lemma eigenvalue_2x2_iff:
  fixes a b c d z :: "'a::field"
  shows "(\<exists>x y. (x \<noteq> 0 \<or> y \<noteq> 0) \<and> a * x + b * y = z * x \<and> c * x + d * y = z * y)
         \<longleftrightarrow> (a - z) * (d - z) - b * c = 0"
proof
  assume "\<exists>x y. (x \<noteq> 0 \<or> y \<noteq> 0) \<and> a * x + b * y = z * x \<and> c * x + d * y = z * y"
  then obtain x y where nz: "x \<noteq> 0 \<or> y \<noteq> 0"
    and r1: "a * x + b * y = z * x" and r2: "c * x + d * y = z * y"
    by blast
  have "((a - z) * (d - z) - b * c) * x
          = (d - z) * (a * x + b * y - z * x) - b * (c * x + d * y - z * y)"
    and "((a - z) * (d - z) - b * c) * y
          = (a - z) * (c * x + d * y - z * y) - c * (a * x + b * y - z * x)"
    by (simp_all add: algebra_simps)
  with nz r1 r2 show "(a - z) * (d - z) - b * c = 0"
    by auto
next
  assume det: "(a - z) * (d - z) - b * c = 0"
  show "\<exists>x y. (x \<noteq> 0 \<or> y \<noteq> 0) \<and> a * x + b * y = z * x \<and> c * x + d * y = z * y"
  proof (cases "a = z \<and> b = 0")
    case first_row_zero: True
    show ?thesis
    proof (cases "c = 0 \<and> d = z")
      case True
      with first_row_zero show ?thesis
        by (intro exI[of _ 1] exI[of _ 0]) simp
    next
      case False
      with first_row_zero show ?thesis
        by (intro exI[of _ "d - z"] exI[of _ "- c"]) (auto simp: algebra_simps)
    qed
  next
    case False
    with det show ?thesis
      by (intro exI[of _ b] exI[of _ "z - a"]) (auto simp: algebra_simps)
  qed
qed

- Requirement: Scan the listing for the string "auto". Copy each line that has it.

- Written reply:
    by auto
        by (intro exI[of _ "d - z"] exI[of _ "- c"]) (auto simp: algebra_simps)
      by (intro exI[of _ b] exI[of _ "z - a"]) (auto simp: algebra_simps)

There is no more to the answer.